The Book: "Napoleon For Dummies"

Before going very far into the legacy of Napoleon Bonaparte, historian J. David Markham would like to get one thing straight about the man he has studied intently for the last 18 years: he wasn’t short.

“Napoleon was five-foot-six or five-foot-seven, and that was the average height for a French man at the time,” Markham chuckles, acknowledging the myth that is one of the more trivial misunderstandings that lay readers have about Napoleon, who ruled France, and large portions of Europe, for the first decade and a half of the 19th Century.

More significant facts to know about Napoleon, he says, are that more books have been written about Napoleon (300,000) than about any other historical figure, and that the man known for his brilliance on the field of battle was also responsible for fixing the French economy after its post-revolutionary chaos, for promoting religious freedom, for significantly improving the country’s education system, and for developing the Napoleonic Code, a legal framework whose influence is still seen in the law books of France and Louisiana.

Markham, who by day teaches high school history near his home in Olympia, Wash., is the executive vice president of the International Napoleonic Society, a scholarly organization devoted to the study of Napoleon’s life and times. Markham’s interest in Napoleon was fueled by a French history class he took at ASU. A paper about Napoleon that he wrote for the class provided the basis for his first published magazine article on the topic; the course helped him “get beyond being interested in Napoleon, and (do) something with that interest,” he said.

“Napoleon for Dummies” is Markham’s fourth book on the topic and he pops up with regularity as an expert on History Channel documentaries. He says his house resembles something of a Napoleonic museum, as he owns more than 1,000 books about the emperor and the world’s largest collection of Napoleonic-era snuffboxes.

“(The collections) inspire me to keep at it,” he says.

HOLDING A WINNING HAND BUSINESS GRAD WINS BIG IN POKER, LIFE
The Author: Tom Schneider '81 B.S.
The Book: "Oops, I won Too Much Money: Winning Wisdom from the Boardroom to the Poker Table"
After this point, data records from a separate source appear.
lemma lin_span_superset: "g \<in> set gs \<Longrightarrow> g \<in> lin_span gs"
proof -
  assume "g \<in> set gs"
  then obtain k where k: "k < length gs" "gs ! k = g" by (auto simp: in_set_conv_nth)
  have "lin_comb (\<lambda>j. if j = k then 1 else 0) gs = g"
  proof (rule ext)
    fix i
    have "lin_comb (\<lambda>j. if j = k then 1 else 0) gs i = (\<Sum>j<length gs. if j = k then g i else 0)"
      unfolding lin_comb_def sum_fun_apply by (rule sum.cong) (auto simp: k)
    thus "lin_comb (\<lambda>j. if j = k then 1 else 0) gs i = g i" using k by simp
  qed
  thus ?thesis unfolding lin_span_def by (metis rangeI)
qed

lemma lin_span_subset_cvecs: "set gs \<subseteq> cvecs m \<Longrightarrow> lin_span gs \<subseteq> cvecs m"
  unfolding lin_span_def lin_comb_def by (auto intro!: cvecs_sum cvecs_fscale)

lemma fsubspace_lin_span: "set gs \<subseteq> cvecs m \<Longrightarrow> fsubspace m (lin_span gs)"
  unfolding fsubspace_def
  using lin_span_subset_cvecs lin_span_zero lin_span_add lin_span_fscale by blast

lemma linear_op_lin_span:
  assumes "linear_op F" "\<forall>g\<in>set gs. F g \<in> lin_span gs" "f \<in> lin_span gs"
  shows "F f \<in> lin_span gs"
proof -
  obtain c where f: "f = lin_comb c gs" using assms(3) unfolding lin_span_def by auto
  have "F f = (\<Sum>k<length gs. fscale (c k) (F (gs ! k)))"
    unfolding f lin_comb_def by (simp add: linear_op_sum[OF assms(1)] linear_op_fscale[OF assms(1)])
  also have "\<dots> \<in> lin_span gs" using assms(2) by (intro lin_span_sum lin_span_fscale) auto
  finally show ?thesis .
qed

definition chain_list ::
    "(nat \<Rightarrow> nat \<Rightarrow> complex) \<Rightarrow> ((nat \<Rightarrow> complex) \<Rightarrow> nat \<Rightarrow> complex) \<Rightarrow> nat \<Rightarrow> (nat \<Rightarrow> complex) list"
  where "chain_list w Y n = map w [0..<n] @ map (\<lambda>j. Y (w j)) [0..<n]"

lemma set_chain_list: "g \<in> set (chain_list w Y n) \<Longrightarrow> \<exists>j<n. g = w j \<or> g = Y (w j)"
  by (auto simp: chain_list_def)

lemma periodic_chain_in_lin_span:
  assumes "\<And>j. w (j + n) = fscale p (w j)" "linear_op Y" "0 < n"
  shows "w j \<in> lin_span (chain_list w Y n) \<and> Y (w j) \<in> lin_span (chain_list w Y n)"
proof (induct j rule: less_induct)
  case (less j)
  show ?case
  proof (cases "j < n")
    case True
    thus ?thesis by (auto intro!: lin_span_superset simp: chain_list_def)
  next
    case False
    then obtain i where j: "j = i + n" by (metis add.commute le_add_diff_inverse not_less)
    hence "w i \<in> lin_span (chain_list w Y n) \<and> Y (w i) \<in> lin_span (chain_list w Y n)"
      using less assms(3) by simp
    thus ?thesis
      unfolding j assms(1) linear_op_fscale[OF assms(2)] by (metis lin_span_fscale)
  qed
qed

definition mat_op :: "nat \<Rightarrow> complex mat \<Rightarrow> (nat \<Rightarrow> complex) \<Rightarrow> nat \<Rightarrow> complex" where
  "mat_op m A f = (\<lambda>i. if i < m then (\<Sum>j<m. A $$ (i,j) * f j) else 0)"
Poker has been good to Tom Schneider. Very good. He can make more in a few days of tournament play than many business owners make in a year. But there is at least one element of the business world that Schneider, who is currently plays full time, misses.

“ Poker is a win-lose proposition,” Schneider, who recently won $256,000 when he came in third on the World Poker Tour, said. “Business, if you do it right, is win-win. It’s more fun to … celebrate our success than it is to be the lone ranger all the time.”

Lone ranger or not, Schneider has parlayed a modest start in cash games at Arizona casinos in the early 1990s into a career as a poker player, one which he hopes will help him become a card-dealing household name. With his World Poker Tour finish broadcast nationally in June on the Travel Channel, it appears he’s on his way.

Schneider said he came up with the idea of writing a book after playing in a tournament with Phil Hellmuth, known on the circuit as “the poker brat.”

“I started writing because (Phil) treats people badly,” Schneider said. “If he can write books, I thought, why can’t I write one that teaches people to behave at the (poker) table?”

Schneider’s book is largely about how to play the game of business, and life, with integrity. He intersperses sharp-witted anecdotes drawn from the card tables with stories from his career as a businessman. In the end, Schneider says, what matters isn’t whether you’re holding a full house, but if you have a happy one.

“When you finally ‘get’ it, you realize that doing for others is more important than things,” he said.

Schneider is enjoying the current poker “craze” and its effect on professional-level play. Poker has a fascinating intersection of luck and skill that other games can’t match, he asserts.

“People like poker, because there’s enough luck involved that a bad player can win occasionally,” he said. “But there’s also enough skill involved …(that) a good player will win in the long run.”